lemma H_bounded_imp_hilbert_kernel_bounded:
  assumes p: "1 < p" and q: "1 < q" and pq: "1/p + 1/q = 1"
    and H: "H_bounded_lpw_linf lam \<mu> \<nu> p \<alpha>"
  shows "\<exists>M. \<forall>n\<ge>1. \<forall>N. (\<Sum>m=1..N. hilbert_kernel (\<mu> - \<alpha>/p) \<nu> lam n m powr q) \<le> M"
proof -
  have p_neq_0: "p \<noteq> 0"
    using p by simp
  obtain C where C: "\<And>a n. in_lpw p \<alpha> a \<Longrightarrow> 1 \<le> n \<Longrightarrow> \<bar>H_op lam \<mu> \<nu> a n\<bar> \<le> C * lpw_norm p \<alpha> a"
    using H unfolding H_bounded_lpw_linf_def by blast
  have "(\<Sum>k<N. hilbert_kernel (\<mu> - \<alpha>/p) \<nu> lam n (Suc k) powr q) \<le> C powr q" if n: "1 \<le> n" for n N
  proof (rule sum_powr_le_of_dual_bound[OF p q pq hilbert_kernel_nonneg])
    fix x :: "nat \<Rightarrow> real"
    define a where "a m = (if m \<in> {1..N} then real m powr (- (\<alpha>/p)) * x (m - 1) else 0)" for m
    have a: "real (Suc k) powr (\<alpha>/p) * a (Suc k) = (if k \<in> {..<N} then x k else 0)" for k
      by (simp add: a_def powr_minus)
    have "real (Suc k) powr \<alpha> * \<bar>a (Suc k)\<bar> powr p = (if k \<in> {..<N} then \<bar>x k\<bar> powr p else 0)" for k
      unfolding weighted_abs_powr[OF p_neq_0] a by simp
    then have "(\<lambda>k. real (Suc k) powr \<alpha> * \<bar>a (Suc k)\<bar> powr p) sums (\<Sum>k<N. \<bar>x k\<bar> powr p)"
      using sums_If_finite_set[of "{..<N}" "\<lambda>k. \<bar>x k\<bar> powr p"] by simp
    then have a_lpw: "in_lpw p \<alpha> a" and a_norm: "lpw_norm p \<alpha> a = (\<Sum>k<N. \<bar>x k\<bar> powr p) powr (1/p)"
      unfolding in_lpw_def lpw_norm_def by (auto simp: sums_iff)
    have "H_term lam \<mu> \<nu> a n (Suc k)
        = (if k \<in> {..<N} then x k * hilbert_kernel (\<mu> - \<alpha>/p) \<nu> lam n (Suc k) else 0)" for k
      unfolding H_term_eq_hilbert_kernel[where s = "\<alpha>/p"] a by simp
    then have "(\<lambda>k. H_term lam \<mu> \<nu> a n (Suc k))
        sums (\<Sum>k<N. x k * hilbert_kernel (\<mu> - \<alpha>/p) \<nu> lam n (Suc k))"
      using sums_If_finite_set[of "{..<N}" "\<lambda>k. x k * hilbert_kernel (\<mu> - \<alpha>/p) \<nu> lam n (Suc k)"]
      by simp
    then show "\<bar>\<Sum>k<N. x k * hilbert_kernel (\<mu> - \<alpha>/p) \<nu> lam n (Suc k)\<bar>
        \<le> C * (\<Sum>k<N. \<bar>x k\<bar> powr p) powr (1/p)"
      using C[OF a_lpw n] a_norm unfolding H_op_def by (simp add: sums_iff)
  qed
  then show ?thesis
    by (intro exI[of _ "C powr q"]) (simp add: sum.atLeast1_atMost_eq)
qed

* _THE PROBLEM_
What is needed is every line from the beginning of the data up to and including the line with "using p by simp", given again word for word.

* _RESPONSE TO THE EXERCISE_
lemma H_bounded_imp_hilbert_kernel_bounded:
  assumes p: "1 < p" and q: "1 < q" and pq: "1/p + 1/q = 1"
    and H: "H_bounded_lpw_linf lam \<mu> \<nu> p \<alpha>"
  shows "\<exists>M. \<forall>n\<ge>1. \<forall>N. (\<Sum>m=1..N. hilbert_kernel (\<mu> - \<alpha>/p) \<nu> lam n m powr q) \<le> M"
proof -
  have p_neq_0: "p \<noteq> 0"
    using p by simp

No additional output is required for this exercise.